- [INFORMATION SUPPLIED]
>>>>
(* Each of the following eight sets of four generalized Bell states in $\mathbb{C}^4\otimes\mathbb{C}^4$ is perfectly distinguishable by one-way LOCC using only projective measurements: $\{\ket{\psi_{00}}\}\cup T$ with $T$ one of $\{\ket{\psi_{01}},\ket{\psi_{02}},\ket{\psi_{11}}\}$, $\{\ket{\psi_{01}},\ket{\psi_{02}},\ket{\psi_{31}}\}$, $\{\ket{\psi_{01}},\ket{\psi_{10}},\ket{\psi_{23}}\}$, $\{\ket{\psi_{01}},\ket{\psi_{11}},\ket{\psi_{22}}\}$, $\{\ket{\psi_{01}},\ket{\psi_{22}},\ket{\psi_{31}}\}$, $\{\ket{\psi_{01}},\ket{\psi_{23}},\ket{\psi_{30}}\}$, $\{\ket{\psi_{02}},\ket{\psi_{11}},\ket{\psi_{21}}\}$, $\{\ket{\psi_{02}},\ket{\psi_{21}},\ket{\psi_{31}}\}$.
   Context: Generalized Bell states in $\mathbb{C}^4\otimes\mathbb{C}^4$ (Alice holds the first factor, Bob the second): $\ket{\psi_{nm}}=\frac12\sum_{j=0}^{3}e^{2\pi i jn/4}\ket{j}_A\ket{j\oplus_4 m}_B$ for $n,m\in\{0,1,2,3\}$, where $j\oplus_4 m=(j+m)\bmod 4$. Perfect distinguishability by one-way LOCC using only projective measurements means: one party performs a projective measurement on her subsystem, communicates the outcome classically, and the other party then performs a projective measurement (depending on that outcome) whose result identifies with certainty which state of the set was shared. *)

theory Defs
  imports Complex_Main
begin

text \<open>Operators on \<open>\<complex>\<^sup>4\<close> are represented as functions
  \<open>nat \<Rightarrow> nat \<Rightarrow> complex\<close> of which only the entries with indices \<open>< 4\<close> matter
  (computational basis \<open>|0>,...,|3>\<close>). Vectors of \<open>\<complex>\<^sup>4 \<otimes> \<complex>\<^sup>4\<close> are represented as
  \<open>nat \<Rightarrow> nat \<Rightarrow> complex\<close>, \<open>v j k\<close> being the coefficient of \<open>|j>_A |k>_B\<close>
  (again only \<open>j, k < 4\<close> matter).\<close>

type_synonym cmat = "nat \<Rightarrow> nat \<Rightarrow> complex"
type_synonym bvec = "nat \<Rightarrow> nat \<Rightarrow> complex"

definition bell :: "nat \<Rightarrow> nat \<Rightarrow> bvec" where
  "bell n m = (\<lambda>j k. if j < 4 \<and> k = (j + m) mod 4
      then exp (2 * pi * \<i> * of_nat (j * n) / 4) / 2 else 0)"

definition mmul :: "cmat \<Rightarrow> cmat \<Rightarrow> cmat" where
  "mmul A B = (\<lambda>i k. \<Sum>j<4. A i j * B j k)"

definition is_projector :: "cmat \<Rightarrow> bool" where
  "is_projector P \<longleftrightarrow> (\<forall>i<4. \<forall>j<4. mmul P P i j = P i j \<and> cnj (P j i) = P i j)"

definition proj_meas :: "cmat list \<Rightarrow> bool" where
  "proj_meas Ps \<longleftrightarrow>
     (\<forall>a<length Ps. is_projector (Ps ! a)) \<and>
     (\<forall>a<length Ps. \<forall>b<length Ps. a \<noteq> b \<longrightarrow>
        (\<forall>i<4. \<forall>j<4. mmul (Ps ! a) (Ps ! b) i j = 0)) \<and>
     (\<forall>i<4. \<forall>j<4. (\<Sum>a<length Ps. (Ps ! a) i j) = (if i = j then 1 else 0))"

definition tensor_apply :: "cmat \<Rightarrow> cmat \<Rightarrow> bvec \<Rightarrow> bvec" where
  "tensor_apply P Q v = (\<lambda>j k. \<Sum>j'<4. \<Sum>k'<4. P j j' * Q k k' * v j' k')"

definition bvec_zero :: "bvec \<Rightarrow> bool" where
  "bvec_zero v \<longleftrightarrow> (\<forall>j<4. \<forall>k<4. v j k = 0)"

text \<open>One-way LOCC with projective measurements, Alice measuring first:
  Alice measures \<open>Ps\<close>, announces outcome \<open>a\<close>, Bob measures \<open>Qs a\<close> with outcome \<open>b\<close>,
  and the guess \<open>g a b\<close> must equal the label of the shared state whenever the outcome
  pair \<open>(a,b)\<close> occurs with nonzero probability, i.e. \<open>(P_a \<otimes> Q^a_b) \<psi> \<noteq> 0\<close>.\<close>
definition oneway_AB :: "(nat \<times> nat) set \<Rightarrow> bool" where
  "oneway_AB S \<longleftrightarrow> (\<exists>Ps Qs g. proj_meas Ps \<and> (\<forall>a<length Ps. proj_meas (Qs a)) \<and>
     (\<forall>(n, m)\<in>S. \<forall>a<length Ps. \<forall>b<length (Qs a).
        \<not> bvec_zero (tensor_apply (Ps ! a) (Qs a ! b) (bell n m)) \<longrightarrow> g a b = (n, m)))"

definition oneway_BA :: "(nat \<times> nat) set \<Rightarrow> bool" where
  "oneway_BA S \<longleftrightarrow> (\<exists>Qs Ps g. proj_meas Qs \<and> (\<forall>b<length Qs. proj_meas (Ps b)) \<and>
     (\<forall>(n, m)\<in>S. \<forall>b<length Qs. \<forall>a<length (Ps b).
        \<not> bvec_zero (tensor_apply (Ps b ! a) (Qs ! b) (bell n m)) \<longrightarrow> g b a = (n, m)))"

definition oneway_proj_distinguishable :: "(nat \<times> nat) set \<Rightarrow> bool" where
  "oneway_proj_distinguishable S \<longleftrightarrow> oneway_AB S \<or> oneway_BA S"

end

theory Submission
  imports Defs
begin

text \<open>Both parties measure in the same basis of \<open>\<complex>\<^sup>4\<close>, spanned by
  \<open>|1> \<pm> i|3>\<close> and \<open>|0> \<pm> i|2>\<close>, and Bob ignores Alice's outcome. Outcome \<open>(a, b)\<close>
  is possible for \<open>\<psi>\<^sub>n\<^sub>m\<close> iff the product basis vector \<open>a \<otimes> b\<close> overlaps \<open>\<psi>\<^sub>n\<^sub>m\<close>;
  the Bell phases are powers of \<open>i\<close>, so the 16 overlaps of each state are computed
  exactly, and for each of the eight sets no outcome pair overlaps two of its states.\<close>

lemma exp_two_pi_i_quarter: "exp (2 * pi * \<i> * of_nat k / 4) = \<i> ^ k"
proof -
  have "exp (2 * pi * \<i> * of_nat k / 4) = exp (of_nat k * (\<i> * of_real (pi / 2)))"
    by (rule arg_cong[where f = exp]) (simp add: field_simps)
  also have "\<dots> = exp (\<i> * of_real (pi / 2)) ^ k"
    by (rule exp_of_nat_mult)
  also have "exp (\<i> * of_real (pi / 2)) = \<i>"
    using cis_conv_exp[of "pi / 2"] by (simp add: complex_eq_iff)
  finally show ?thesis .
qed

lemma i_power_mod4: "\<i> ^ k = \<i> ^ (k mod 4)"
proof -
  have "\<i> ^ k = (\<i> ^ 4) ^ (k div 4) * \<i> ^ (k mod 4)"
    by (metis div_mult_mod_eq power_add power_mult mult.commute)
  then show ?thesis
    by (simp add: power_mult[of _ 2 2, simplified])
qed

lemma bell_altdef:
  "bell n m = (\<lambda>j k. if j < 4 \<and> k = (j + m) mod 4 then \<i> ^ (j * n mod 4) / 2 else 0)"
  unfolding bell_def exp_two_pi_i_quarter by (simp only: i_power_mod4[of "j * n" for j])

lemma i_cubed: "\<i> ^ 3 = - \<i>"
  by (simp add: eval_nat_numeral)

lemma sum_lessThan_4: "(\<Sum>j<4::nat. f j) = f 0 + f 1 + f 2 + (f 3 :: complex)"
  by (simp add: eval_nat_numeral)

lemma all_lessThan_4: "(\<forall>j<4::nat. P j) \<longleftrightarrow> P 0 \<and> P 1 \<and> P 2 \<and> P 3"
  by (auto simp add: eval_nat_numeral less_Suc_eq)

lemma oneway_AB_product_measurement:
  assumes "proj_meas Ps" and "proj_meas Qs"
    and separates: "\<And>a b n m n' m'. a < length Ps \<Longrightarrow> b < length Qs \<Longrightarrow>
      (n, m) \<in> S \<Longrightarrow> (n', m') \<in> S \<Longrightarrow>
      \<not> bvec_zero (tensor_apply (Ps ! a) (Qs ! b) (bell n m)) \<Longrightarrow>
      \<not> bvec_zero (tensor_apply (Ps ! a) (Qs ! b) (bell n' m')) \<Longrightarrow> (n, m) = (n', m')"
  shows "oneway_AB S"
proof -
  define occurs where
    "occurs a b s \<longleftrightarrow> s \<in> S \<and> \<not> bvec_zero (tensor_apply (Ps ! a) (Qs ! b) (bell (fst s) (snd s)))"
    for a b s
  have "g a b = (n, m)"
    if "(n, m) \<in> S" "a < length Ps" "b < length Qs"
      "\<not> bvec_zero (tensor_apply (Ps ! a) (Qs ! b) (bell n m))"
      and g_def: "g = (\<lambda>a b. SOME s. occurs a b s)" for g a b n m
  proof -
    have "occurs a b (n, m)"
      using that by (simp add: occurs_def)
    then have "occurs a b (g a b)"
      unfolding g_def by (rule someI)
    then show ?thesis
      using separates[of a b "fst (g a b)" "snd (g a b)" n m] that by (simp add: occurs_def)
  qed
  then show ?thesis
    unfolding oneway_AB_def using assms(1,2)
    by (intro exI[of _ Ps] exI[of _ "\<lambda>_. Qs"] exI[of _ "\<lambda>a b. SOME s. occurs a b s"]) auto
qed

text \<open>Unnormalised basis vectors (squared norm \<open>2\<close>, hence the factor \<open>1/2\<close> below).\<close>
definition basis_vec :: "nat \<Rightarrow> nat \<Rightarrow> complex" where
  "basis_vec a j = [[0, 1, 0, \<i>], [0, 1, 0, -\<i>], [1, 0, \<i>, 0], [1, 0, -\<i>, 0]] ! a ! j"

definition basis_proj :: "nat \<Rightarrow> cmat" where
  "basis_proj a = (\<lambda>i j. basis_vec a i * cnj (basis_vec a j) / 2)"

definition basis_meas :: "cmat list" where
  "basis_meas = map basis_proj [0..<4]"

lemma proj_meas_basis_meas: "proj_meas basis_meas"
  unfolding proj_meas_def basis_meas_def
  by (simp add: all_lessThan_4 is_projector_def mmul_def sum_lessThan_4 basis_proj_def basis_vec_def)

definition overlap :: "nat \<Rightarrow> nat \<Rightarrow> nat \<times> nat \<Rightarrow> complex" where
  "overlap a b s =
     (\<Sum>j<4. \<Sum>k<4. cnj (basis_vec a j) * cnj (basis_vec b k) * bell (fst s) (snd s) j k)"

lemma tensor_apply_basis_proj:
  "tensor_apply (basis_proj a) (basis_proj b) v j k =
     basis_vec a j * basis_vec b k / 4 *
     (\<Sum>j'<4. \<Sum>k'<4. cnj (basis_vec a j') * cnj (basis_vec b k') * v j' k')"
  unfolding tensor_apply_def basis_proj_def by (simp add: sum_distrib_left mult_ac)

lemma overlap_nonzero:
  "\<not> bvec_zero (tensor_apply (basis_proj a) (basis_proj b) (bell n m)) \<Longrightarrow> overlap a b (n, m) \<noteq> 0"
  unfolding bvec_zero_def overlap_def by (auto simp: tensor_apply_basis_proj)

definition overlap_separates :: "(nat \<times> nat) set \<Rightarrow> bool" where
  "overlap_separates S \<longleftrightarrow>
     (\<forall>a<4. \<forall>b<4. \<forall>s\<in>S. \<forall>s'\<in>S. overlap a b s \<noteq> 0 \<longrightarrow> overlap a b s' \<noteq> 0 \<longrightarrow> s = s')"

lemma oneway_AB_if_overlap_separates:
  assumes "overlap_separates S"
  shows "oneway_AB S"
proof (rule oneway_AB_product_measurement[OF proj_meas_basis_meas proj_meas_basis_meas])
  fix a b n m n' m'
  assume "a < length basis_meas" "b < length basis_meas" "(n, m) \<in> S" "(n', m') \<in> S"
    and "\<not> bvec_zero (tensor_apply (basis_meas ! a) (basis_meas ! b) (bell n m))"
    and "\<not> bvec_zero (tensor_apply (basis_meas ! a) (basis_meas ! b) (bell n' m'))"
  then have "a < 4" "b < 4" "overlap a b (n, m) \<noteq> 0" "overlap a b (n', m') \<noteq> 0"
    by (auto simp: basis_meas_def dest: overlap_nonzero)
  then show "(n, m) = (n', m')"
    using assms \<open>(n, m) \<in> S\<close> \<open>(n', m') \<in> S\<close> unfolding overlap_separates_def by blast
qed

lemma overlap_separates_bell_quadruples:
  assumes "T \<in> {{(0,1), (0,2), (1,1)}, {(0,1), (0,2), (3,1)}, {(0,1), (1,0), (2,3)},
               {(0,1), (1,1), (2,2)}, {(0,1), (2,2), (3,1)}, {(0,1), (2,3), (3,0)},
               {(0,2), (1,1), (2,1)}, {(0,2), (2,1), (3,1)}}"
  shows "overlap_separates ({(0, 0)} \<union> T)"
  using assms unfolding overlap_separates_def all_lessThan_4
  by (elim insertE emptyE)
     (simp_all add: overlap_def bell_altdef sum_lessThan_4 basis_vec_def i_cubed)

theorem theorem4:
  assumes "T \<in> {{(0,1), (0,2), (1,1)}, {(0,1), (0,2), (3,1)}, {(0,1), (1,0), (2,3)},
               {(0,1), (1,1), (2,2)}, {(0,1), (2,2), (3,1)}, {(0,1), (2,3), (3,0)},
               {(0,2), (1,1), (2,1)}, {(0,2), (2,1), (3,1)}}"
  shows "oneway_proj_distinguishable ({(0::nat, 0::nat)} \<union> T)"
  using oneway_AB_if_overlap_separates[OF overlap_separates_bell_quadruples[OF assms]]
  unfolding oneway_proj_distinguishable_def ..

end
(* Let $a, b, n$ be positive integers with $b>1$, $n>1$ and $\gcd(r_b(n),a)=1$. Then the set of pseudo-Frobenius numbers of $S_a(b,n)$ is \[\operatorname{PF}(S_a(b,n)) = \{(n-i+1)\,(b^n - 1 - a) + a\, r_b(n) \mid i = 2,\ldots,n\},\] and consequently the type of $S_a(b,n)$ equals $n-1$.
   Context: For $\ell \ge 1$, $r_b(\ell) = \sum_{j=0}^{\ell-1} b^j$, and $r_b(0)=0$. For $i \ge 1$, $a_i := r_b(n) + a\, r_b(i-1)$; $S_a(b,n)$ is the numerical semigroup generated by $\{a_i\}$. An integer $x$ is a pseudo-Frobenius number of a numerical semigroup $S$ if $x \notin S$ and $x + s \in S$ for all $s \in S\setminus\{0\}$; $\operatorname{PF}(S)$ is the set of these, and the type $\operatorname{t}(S)$ is its cardinality. *)

theory Defs
  imports Main
begin

definition rb :: "nat \<Rightarrow> nat \<Rightarrow> nat" where
  "rb b l = (\<Sum>j<l. b ^ j)"

definition gen_a :: "nat \<Rightarrow> nat \<Rightarrow> nat \<Rightarrow> nat \<Rightarrow> nat" where
  "gen_a a b n i = rb b n + a * rb b (i - 1)"

inductive_set semigroup_gen :: "int set \<Rightarrow> int set" for G :: "int set" where
  zero: "0 \<in> semigroup_gen G"
| add: "g \<in> G \<Longrightarrow> s \<in> semigroup_gen G \<Longrightarrow> g + s \<in> semigroup_gen G"

definition S_sg :: "nat \<Rightarrow> nat \<Rightarrow> nat \<Rightarrow> int set" where
  "S_sg a b n = semigroup_gen {int (gen_a a b n i) | i. i \<ge> 1}"

definition PF :: "int set \<Rightarrow> int set" where
  "PF S = {x. x \<notin> S \<and> (\<forall>s \<in> S - {0}. x + s \<in> S)}"

definition sg_type :: "int set \<Rightarrow> nat" where
  "sg_type S = card (PF S)"

end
<<<<
- [WHAT YOU NEED TO DO] Reproduce exactly the lines of the records above from the one with "unfolding g_def by (rule someI)" to the one with "by (simp add: all_lessThan_4", both included, and leave out everything else.

- [TASK ANSWER]
      unfolding g_def by (rule someI)
    then show ?thesis
      using separates[of a b "fst (g a b)" "snd (g a b)" n m] that by (simp add: occurs_def)
  qed
  then show ?thesis
    unfolding oneway_AB_def using assms(1,2)
    by (intro exI[of _ Ps] exI[of _ "\<lambda>_. Qs"] exI[of _ "\<lambda>a b. SOME s. occurs a b s"]) auto
qed

text \<open>Unnormalised basis vectors (squared norm \<open>2\<close>, hence the factor \<open>1/2\<close> below).\<close>
definition basis_vec :: "nat \<Rightarrow> nat \<Rightarrow> complex" where
  "basis_vec a j = [[0, 1, 0, \<i>], [0, 1, 0, -\<i>], [1, 0, \<i>, 0], [1, 0, -\<i>, 0]] ! a ! j"

definition basis_proj :: "nat \<Rightarrow> cmat" where
  "basis_proj a = (\<lambda>i j. basis_vec a i * cnj (basis_vec a j) / 2)"

definition basis_meas :: "cmat list" where
  "basis_meas = map basis_proj [0..<4]"

lemma proj_meas_basis_meas: "proj_meas basis_meas"
  unfolding proj_meas_def basis_meas_def
  by (simp add: all_lessThan_4 is_projector_def mmul_def sum_lessThan_4 basis_proj_def basis_vec_def)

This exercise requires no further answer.